lemma hilbert_sphere_ball_center_zero:
  fixes R :: real
  assumes "R > 0"
  shows "{x::'a::euclidean_space \<in> ball 0 1. hilbert_dist (ball 0 1) x 0 = R} = sphere 0 (tanh (R / 2))"
proof -
  define C where "C = cosh (R / 2)"
  define Sh where "Sh = sinh (R / 2)"
  have "C > 0" "Sh > 0" and C: "C\<^sup>2 - 1 = Sh\<^sup>2"
    using assms by (simp_all add: C_def Sh_def cosh_square_eq)
  have on_sphere: "1 = C\<^sup>2 * (1 - x \<bullet> x) \<longleftrightarrow> norm x = tanh (R / 2)" for x :: 'a
  proof -
    have "1 = C\<^sup>2 * (1 - x \<bullet> x) \<longleftrightarrow> x \<bullet> x * C\<^sup>2 = C\<^sup>2 - 1"
      by (auto simp: algebra_simps)
    also have "\<dots> \<longleftrightarrow> (norm x)\<^sup>2 = (Sh / C)\<^sup>2"
      using \<open>C > 0\<close> unfolding C by (simp add: power2_norm_eq_inner power_divide eq_divide_eq)
    also have "\<dots> \<longleftrightarrow> norm x = Sh / C"
      using \<open>C > 0\<close> \<open>Sh > 0\<close> by simp
    finally show ?thesis
      by (simp add: tanh_def C_def Sh_def)
  qed
  have "{x::'a \<in> ball 0 1. hilbert_dist (ball 0 1) x 0 = R} = {x. 1 = C\<^sup>2 * (1 - x \<bullet> x)}"
    using hilbert_sphere_ball_eq_quadric[of 0 R] assms by (simp add: C_def)
  then show ?thesis
    using on_sphere by (simp add: set_eq_iff)
qed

> [Assignment]: Please go through the data above and copy each line containing the word "assms".

> [Written answer]:
    using assms by (simp_all add: C_def Sh_def cosh_square_eq)
    using hilbert_sphere_ball_eq_quadric[of 0 R] assms by (simp add: C_def)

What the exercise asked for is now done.